Мирча Элиаде - Загадка доктора Хонигбергера
— С завтрего будем пыль трясти, — объявила служанка, приближаясь ко мне. — Чтоб вы знали. А то будете зря таскаться. Я ежели начну трясти, так меньше чем за два дня не управлюсь…
Я кивнул головой в знак согласия. Но служанке, вероятно, пристала охота поговорить. Она подошла к столу и ткнула пальцем в тетради.
— Дьявольские дела, порчу на разум наводят, — заговорила она со значением. — Вы лучше скажите барыне, что вам с ими не управиться, и спасайте свою молодую жисть, от них грех один.
Я оторвал глаза от тетради и взглянул на нее испытующе.
— Господин доктор из-за них сгинул, — продолжала она.
— Умер? — быстро спросил я.
— Ушел куда глаза глядят и сгинул, — повторила она тем же тоном.
— Но ты его мертвым видела? — допытывался я.
— Никто его мертвым не видал, ушел в белый свет и сгинул, без свечки, без ничего. Дом осиротил… Вы барыню не слушайте, — добавила она, понизив голос. — Она тоже, бедная, рассудком тронулась. Через два-то года после того пропал и братец ихний, префект, привел сюда одного француза, ученого француза…
— Ханса, — подсказал я.
— Нет, этот барчук после пришел. Да он и не француз вовсе. После войны уже пришел… И тоже молодой помер…
Я уже не знал, что сказать, и сидел, онемев, не сводя с нее глаз и впервые чувствуя, как меня одолевает мара. Служанка обтерла ладонью ребро стола.
— Затем и пришла, — проговорила она, помолчав. — Сказать, что мы будем два дня пыль трясти…
Потом, хромая, отступила и вышла в ту же дверь, ведущую в салон. Я снова придвинул к себе заветную тетрадь. Было невозможно, только что найдя, расстаться с ней на три дня. Почти не отдавая себе отчета в том, что делаю, я спрятал ее под пиджак.

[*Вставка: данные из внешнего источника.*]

lemma abs_one_plus_powr_taylor2_le:
  fixes a t :: real assumes a: "0 < a" "a \<le> 1" and t: "t \<ge> -1/2"
  shows "\<bar>(1 + t) powr a - 1 - a * t - a * (a - 1) / 2 * t^2\<bar> \<le> \<bar>t\<bar>^3"
proof (cases "t = 0")
  case False
  let ?D = "one_plus_powr_nth_deriv a"
  have "\<exists>z. (if t < 0 then t < z \<and> z < 0 else 0 < z \<and> z < t) \<and>
      (1 + t) powr a = (\<Sum>m<3. ?D m 0 / fact m * (t - 0)^m) + ?D 3 z / fact 3 * (t - 0)^3"
  proof (rule Taylor[where f = "\<lambda>t. (1 + t) powr a" and a = "-1/2" and b = "max t 0"])
    show "?D 0 = (\<lambda>t. (1 + t) powr a)" by (simp add: one_plus_powr_nth_deriv_def[abs_def])
  qed (use t False in \<open>auto intro!: one_plus_powr_nth_deriv_has_derivative\<close>)
  then obtain z where "if t < 0 then t < z \<and> z < 0 else 0 < z \<and> z < t"
    and taylor: "(1 + t) powr a = (\<Sum>m<3. ?D m 0 / fact m * (t - 0)^m) + ?D 3 z / fact 3 * (t - 0)^3"
    by blast
  then have z: "-1/2 < z" using t by (auto split: if_splits)
  have "(\<Sum>m<3. ?D m 0 / fact m * (t - 0)^m) = 1 + a * t + a * (a - 1) / 2 * t^2"
    by (simp add: one_plus_powr_nth_deriv_def eval_nat_numeral lessThan_Suc fact_numeral algebra_simps)
  moreover have "?D 3 z = (a * (1 - a)) * (2 - a) * (1 + z) powr (a - 3)"
    by (simp add: one_plus_powr_nth_deriv_def eval_nat_numeral lessThan_Suc algebra_simps)
  ultimately have remainder: "(1 + t) powr a - 1 - a * t - a * (a - 1) / 2 * t^2
      = (a * (1 - a)) * (2 - a) * (1 + z) powr (a - 3) / 6 * t^3"
    using taylor by (simp add: fact_numeral)
  have "\<bar>(1 + t) powr a - 1 - a * t - a * (a - 1) / 2 * t^2\<bar>
      = (a * (1 - a)) * (2 - a) * (1 + z) powr (a - 3) / 6 * \<bar>t\<bar>^3"
    unfolding remainder using a by (simp add: abs_mult power_abs)
  also have "\<dots> \<le> ((1/4) * 2) * 8 / 6 * \<bar>t\<bar>^3"
  proof (intro mult_right_mono divide_right_mono mult_mono)
    have "(1 + z) powr (a - 3) \<le> (1/2) powr (a - 3)" using z a by (intro powr_mono2') auto
    also have "\<dots> = 2 powr (3 - a)" by (simp add: powr_divide powr_minus_divide[symmetric])
    also have "\<dots> \<le> 2 powr 3" using a by (intro powr_mono) auto
    finally show "(1 + z) powr (a - 3) \<le> 8" by simp
  qed (use a mult_one_minus_le_quarter[of a] in auto)
  finally show ?thesis using zero_le_power[OF abs_ge_zero[of t], of 3] by linarith
qed simp

lemma abs_powr_minus_one_le:
  fixes b t :: real assumes b: "-1 \<le> b" "b \<le> 0" and t: "t \<ge> 1/2"
  shows "\<bar>t powr b - 1\<bar> \<le> 2 * \<bar>t - 1\<bar>"
proof (cases "t \<ge> 1")
  case True
  have "t powr (-1) \<le> t powr b" "t powr b \<le> t powr 0"
    using True b by (intro powr_mono; simp)+
  moreover have "t powr (-1) = 1/t" "t powr 0 = 1" using True by (simp_all add: powr_minus_divide)
  ultimately have "1/t \<le> t powr b" "t powr b \<le> 1" by linarith+
  moreover have "1 - 1/t \<le> t - 1"
  proof -
    have "0 \<le> (t - 1)^2 / t" using True by simp
    also have "\<dots> = t - 2 + 1/t" using True by (simp add: field_simps power2_eq_square)
    finally show ?thesis by linarith
  qed
  ultimately show ?thesis using True by (simp add: abs_le_iff)
next
  case False
  have "t powr 0 \<le> t powr b" "t powr b \<le> t powr (-1)"
    using False b t by (intro powr_mono'; simp)+
  moreover have "t powr (-1) = 1/t" "t powr 0 = 1" using t by (simp_all add: powr_minus_divide)
  ultimately have "1 \<le> t powr b" "t powr b \<le> 1/t" by linarith+
  moreover have "1/t - 1 \<le> 2 - 2 * t"
  proof -
    have "0 \<le> (2 * t - 1) * (1 - t)" using t False by simp
    then have "1 \<le> t * (3 - 2 * t)" by (simp add: algebra_simps)
    then have "1/t \<le> 3 - 2 * t" using t by (simp add: divide_le_eq mult.commute)
    then show ?thesis by simp
  qed
  ultimately show ?thesis using False by (simp add: abs_le_iff)
qed

lemma abs_powr_one_plus_minus_linear_le:
  fixes r X :: real assumes X: "\<bar>X\<bar> \<le> 1/2" "2 * \<bar>r\<bar> * \<bar>X\<bar> \<le> 1"
  shows "\<bar>(1 + X) powr r - 1 - r * X\<bar> \<le> (4 * r^2 + 2 * \<bar>r\<bar>) * X^2"
proof -
  define l where "l = ln (1 + X)"
  have lX: "\<bar>l - X\<bar> \<le> 2 * X^2" unfolding l_def using abs_ln_one_plus_x_minus_x_bound[OF X(1)] .
  have "2 * X^2 \<le> \<bar>X\<bar>"
    using X(1) mult_right_mono[of "2 * \<bar>X\<bar>" 1 "\<bar>X\<bar>"] by (simp add: power2_eq_square)
  then have "\<bar>l\<bar> \<le> 2 * \<bar>X\<bar>" using lX by linarith
  then have wabs: "\<bar>r * l\<bar> \<le> 2 * \<bar>r\<bar> * \<bar>X\<bar>"
    using mult_left_mono[of "\<bar>l\<bar>" "2 * \<bar>X\<bar>" "\<bar>r\<bar>"] by (simp add: abs_mult)
  have pw: "(1 + X) powr r = exp (r * l)" unfolding l_def using X(1) by (simp add: powr_def mult.commute)
  have "(r * l)^2 \<le> (2 * \<bar>r\<bar> * \<bar>X\<bar>)^2" using wabs by (metis abs_ge_zero power2_abs power_mono)
  moreover have "r * l \<le> 1" using wabs X(2) by linarith
  ultimately have e: "\<bar>exp (r * l) - 1 - r * l\<bar> \<le> 4 * r^2 * X^2"
    using abs_exp_minus_one_minus_le[of "r * l"] by (simp add: power_mult_distrib)
  have "\<bar>r * l - r * X\<bar> \<le> 2 * \<bar>r\<bar> * X^2"
    using lX mult_left_mono[of "\<bar>l - X\<bar>" "2 * X^2" "\<bar>r\<bar>"] by (simp add: abs_mult right_diff_distrib[symmetric])
  moreover have "\<bar>exp (r * l) - 1 - r * X\<bar> \<le> \<bar>exp (r * l) - 1 - r * l\<bar> + \<bar>r * l - r * X\<bar>"
    using abs_triangle_ineq[of "exp (r * l) - 1 - r * l" "r * l - r * X"] by simp
  ultimately show ?thesis using e unfolding pw by (simp add: algebra_simps)
qed

lemma powr_one_plus_minus_linear_bigo:
  fixes X :: "'a \<Rightarrow> real"
  assumes "(X \<longlongrightarrow> 0) F"
  shows "(\<lambda>x. (1 + X x) powr r - 1 - r * X x) \<in> O[F](\<lambda>x. (X x)^2)"
proof (rule bigoI)
  have "eventually (\<lambda>x. \<bar>X x\<bar> < 1/(2 + 2 * \<bar>r\<bar>)) F"
    using order_tendstoD(2)[OF tendsto_rabs[OF assms]] by (simp add: add_pos_nonneg)
  then show "eventually (\<lambda>x. norm ((1 + X x) powr r - 1 - r * X x) \<le> (4 * r^2 + 2 * \<bar>r\<bar>) * norm ((X x)^2)) F"
  proof eventually_elim
    case (elim x)
    then have "2 * \<bar>X x\<bar> + 2 * \<bar>r\<bar> * \<bar>X x\<bar> < 1"
      by (simp add: field_simps add_pos_nonneg)
    moreover have "0 \<le> \<bar>r\<bar> * \<bar>X x\<bar>" by simp
    ultimately have "\<bar>X x\<bar> \<le> 1/2" "2 * \<bar>r\<bar> * \<bar>X x\<bar> \<le> 1" by linarith+
    then show ?case using abs_powr_one_plus_minus_linear_le by simp
  qed
qed

lemma powr_one_plus_expansion:
  fixes X :: "nat \<Rightarrow> real" and \<kappa> r :: real
  assumes "(\<lambda>d. X d - \<kappa> / real d) \<in> O(\<lambda>d. real d powr (-3/2))"
  shows "(\<lambda>d. (1 + X d) powr r - 1 - r * \<kappa> / real d) \<in> o(\<lambda>d. 1 / real d)"
proof -
  have pw: "(\<lambda>d. real d powr (-3/2)) \<in> o(\<lambda>d. 1 / real d)" by real_asymp
  have "(\<lambda>d. \<kappa> / real d) \<in> O(\<lambda>d. 1 / real d)"
    using cmult_in_bigo_iff[of \<kappa> "\<lambda>d. 1 / real d"] by simp
  moreover have "(\<lambda>d. X d - \<kappa> / real d) \<in> O(\<lambda>d. 1 / real d)"
    using landau_o.big_small_trans'[OF assms pw] .
  ultimately have X: "X \<in> O(\<lambda>d. 1 / real d)"
    using sum_in_bigo(1) by fastforce
  have "X \<in> o(\<lambda>_. 1)" by (rule landau_o.big_small_trans[OF X]) real_asymp
  then have "X \<longlonglongrightarrow> 0" using smalloD_tendsto by fastforce
  have "(\<lambda>d. (1 + X d) powr r - 1 - r * X d) \<in> o(\<lambda>d. 1 / real d)"
  proof (rule landau_o.big_small_trans[OF powr_one_plus_minus_linear_bigo[OF \<open>X \<longlonglongrightarrow> 0\<close>]])
    have "(\<lambda>d. (X d)^2) \<in> O(\<lambda>d. (1 / real d)^2)" using X by (rule landau_o.big_power)
    moreover have "(\<lambda>d::nat. (1 / real d)^2) \<in> o(\<lambda>d. 1 / real d)" by real_asymp
    ultimately show "(\<lambda>d. (X d)^2) \<in> o(\<lambda>d. 1 / real d)" by (rule landau_o.big_small_trans)
  qed
  moreover have "(\<lambda>d. r * (X d - \<kappa> / real d)) \<in> o(\<lambda>d. 1 / real d)"
    using landau_o.big_small_trans[OF assms pw] by simp
  ultimately have "(\<lambda>d. ((1 + X d) powr r - 1 - r * X d) + r * (X d - \<kappa> / real d)) \<in> o(\<lambda>d. 1 / real d)"
    by (rule sum_in_smallo)
  then show ?thesis by (simp add: algebra_simps)
qed

section \<open>Central moments of the binomial distribution\<close>

definition binom_weight :: "real \<Rightarrow> nat \<Rightarrow> nat \<Rightarrow> real" where
  "binom_weight p d n = real (d choose n) * p^n * (1 - p)^(d - n)"

definition falling_factorial :: "nat \<Rightarrow> nat \<Rightarrow> real" where
  "falling_factorial n j = (\<Prod>i<j. real n - real i)"

lemma falling_factorial_Suc_Suc: "falling_factorial (Suc n) (Suc j) = real (Suc n) * falling_factorial n j"
  unfolding falling_factorial_def prod.lessThan_Suc_shift by simp

lemma falling_factorial_0_Suc: "falling_factorial 0 (Suc j) = 0"
  unfolding falling_factorial_def prod.lessThan_Suc_shift by simp

lemma binom_weight_nonneg: "0 \<le> p \<Longrightarrow> p \<le> 1 \<Longrightarrow> 0 \<le> binom_weight p d n"
  unfolding binom_weight_def by simp

lemma sum_binom_weight: "(\<Sum>n\<le>d. binom_weight p d n) = 1"
  using binomial_ring[of p "1 - p" d] by (simp add: binom_weight_def atLeast0AtMost mult.assoc)

lemma binom_weight_Suc_Suc:
  "binom_weight p (Suc e) (Suc n) * real (Suc n) = real (Suc e) * p * binom_weight p e n"
proof -
  have choose: "real (Suc n) * real (Suc e choose Suc n) = real (Suc e) * real (e choose n)"
    by (metis Suc_times_binomial of_nat_mult)
  have "binom_weight p (Suc e) (Suc n) * real (Suc n)
      = (real (Suc n) * real (Suc e choose Suc n)) * (p * p^n) * (1 - p)^(e - n)"
    unfolding binom_weight_def by (simp only: diff_Suc_Suc power_Suc mult_ac)
  also have "\<dots> = real (Suc e) * p * binom_weight p e n"
    unfolding choose binom_weight_def by (simp only: mult_ac)
  finally show ?thesis .
qed

lemma binom_factorial_moment:
  "(\<Sum>n\<le>d. binom_weight p d n * falling_factorial n j) = falling_factorial d j * p^j"
proof (induction j arbitrary: d)
  case 0
  then show ?case using sum_binom_weight by (simp add: falling_factorial_def)
next
  case (Suc j)
  show ?case
  proof (cases d)
    case 0
    then show ?thesis by (simp add: falling_factorial_0_Suc)
  next
    case (Suc e)
    have "(\<Sum>n\<le>Suc e. binom_weight p (Suc e) n * falling_factorial n (Suc j))
        = (\<Sum>n\<le>e. binom_weight p (Suc e) (Suc n) * falling_factorial (Suc n) (Suc j))"
      by (subst sum.atMost_Suc_shift) (simp add: falling_factorial_0_Suc)
    also have "\<dots> = (\<Sum>n\<le>e. real (Suc e) * p * (binom_weight p e n * falling_factorial n j))"
    proof (intro sum.cong refl)
      fix n
      have "binom_weight p (Suc e) (Suc n) * falling_factorial (Suc n) (Suc j)
          = (binom_weight p (Suc e) (Suc n) * real (Suc n)) * falling_factorial n j"
        by (simp only: falling_factorial_Suc_Suc mult.assoc)
      then show "binom_weight p (Suc e) (Suc n) * falling_factorial (Suc n) (Suc j)
          = real (Suc e) * p * (binom_weight p e n * falling_factorial n j)"
        by (simp only: binom_weight_Suc_Suc mult.assoc)
    qed
    also have "\<dots> = falling_factorial (Suc e) (Suc j) * p^(Suc j)"
      by (simp add: sum_distrib_left[symmetric] Suc.IH falling_factorial_Suc_Suc)
    finally show ?thesis using Suc by simp
  qed
qed

lemma falling_factorial_small:
  "falling_factorial n 1 = real n" "falling_factorial n (Suc 0) = real n" "falling_factorial n 2 = real n * (real n - 1)"
  "falling_factorial n 3 = real n * (real n - 1) * (real n - 2)"
  "falling_factorial n 4 = real n * (real n - 1) * (real n - 2) * (real n - 3)"
  by (simp_all add: falling_factorial_def eval_nat_numeral lessThan_Suc algebra_simps)

lemma binom_mean: "(\<Sum>n\<le>d. binom_weight p d n * real n) = real d * p"
  using binom_factorial_moment[of p d 1] by (simp add: falling_factorial_small)

lemma binom_variance: "(\<Sum>n\<le>d. binom_weight p d n * (real n - real d * p)^2) = real d * p * (1 - p)"
proof -
  let ?m = "real d * p" and ?w = "binom_weight p d" and ?f = falling_factorial
  have "(\<Sum>n\<le>d. ?w n * (real n - ?m)^2)
      = (\<Sum>n\<le>d. ?w n * ?f n 2 + (1 - 2 * ?m) * (?w n * ?f n 1) + ?m^2 * ?w n)"
    by (intro sum.cong refl) (simp add: falling_factorial_small power2_eq_square algebra_simps)
  also have "\<dots> = ?f d 2 * p^2 + (1 - 2 * ?m) * (?f d 1 * p) + ?m^2"
    by (simp add: sum.distrib sum_distrib_left[symmetric] binom_factorial_moment sum_binom_weight)
  also have "\<dots> = ?m * (1 - p)" by (simp add: falling_factorial_small power2_eq_square algebra_simps)
  finally show ?thesis .
qed

lemma binom_fourth_central_moment:
  "(\<Sum>n\<le>d. binom_weight p d n * (real n - real d * p)^4)
     = real d * (p * (1 - p)) + 3 * real d * (real d - 2) * (p * (1 - p))^2"
proof -
  let ?m = "real d * p" and ?w = "binom_weight p d" and ?f = falling_factorial
  have quartic: "(real n - ?m)^4 = ?f n 4 + (6 - 4 * ?m) * ?f n 3 + (7 - 12 * ?m + 6 * ?m^2) * ?f n 2
      + (1 - 4 * ?m + 6 * ?m^2 - 4 * ?m^3) * ?f n 1 + ?m^4" for n
    unfolding falling_factorial_small by algebra
  have "(\<Sum>n\<le>d. ?w n * (real n - ?m)^4)
      = (\<Sum>n\<le>d. ?w n * ?f n 4 + (6 - 4 * ?m) * (?w n * ?f n 3) + (7 - 12 * ?m + 6 * ?m^2) * (?w n * ?f n 2)
          + (1 - 4 * ?m + 6 * ?m^2 - 4 * ?m^3) * (?w n * ?f n 1) + ?m^4 * ?w n)"
    by (intro sum.cong refl) (simp only: quartic, simp add: algebra_simps)
  also have "\<dots> = ?f d 4 * p^4 + (6 - 4 * ?m) * (?f d 3 * p^3) + (7 - 12 * ?m + 6 * ?m^2) * (?f d 2 * p^2)
      + (1 - 4 * ?m + 6 * ?m^2 - 4 * ?m^3) * (?f d 1 * p^1) + ?m^4"
    by (simp add: sum.distrib sum_distrib_left[symmetric] binom_factorial_moment sum_binom_weight)
  also have "\<dots> = real d * (p * (1 - p)) + 3 * real d * (real d - 2) * (p * (1 - p))^2"
    by (simp add: falling_factorial_small) algebra
  finally show ?thesis .
qed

Потом выждал несколько минут, пока не унялась дрожь во всем теле, не выровнялось дыхание, положил на место остальные тетради и вышел на цыпочках, больше всего боясь встретить кого-нибудь, выдать свои мысли, свой грех.
V
Придя домой, я первым делом заперся и плотно сдвинул шторы, чтобы свет настольной лампы не навел кого-нибудь из знакомых на мысль потревожить мое одиночество. И чем дальше за полночь, тем больше я терял ощущение времени и места, всем существом уйдя в расшифровку записок доктора Зерленди. Чтение давалось не слишком легко. Вначале доктор очень старался, тщательно подыскивая для румынских звуков санскритские эквиваленты. Но уже через несколько страниц транскрипция стала приблизительной, и мне приходилось скорее угадывать слово, чем читать его, фразы делались все отрывистее, словарь — все более условным, шифрованным. На пороге своих последних опытов доктор принял дополнительные меры против профанов, используя исключительно йогическую терминологию, недоступную тем, кто не углубился, как он, в эту обильную тайнами науку.
«Письмо Хонигбергера к Ж. Э. было для меня лучшим тому подтверждением, — писал доктор в начале своего дневника, не поясняя, кто такой Ж. Э. и каково содержание его письма, о котором, правда, как-то раз упоминала г-жа Зерленди. — Еще с весны 1907-го я стал склоняться к тому, что в своих индийских записках Хонигбергер не только не преувеличивал, а, напротив, недоговорил очень многое из того, что он увидел и сумел освоить сам». Следовал ряд отсылок к работам Хонигбергера: случаи нечувствительности к боли, случаи левитации, видимой смерти, закапывания заживо и пр. — письмо к Ж. Э., вероятно, дало основания поверить в подлинность этих явлений.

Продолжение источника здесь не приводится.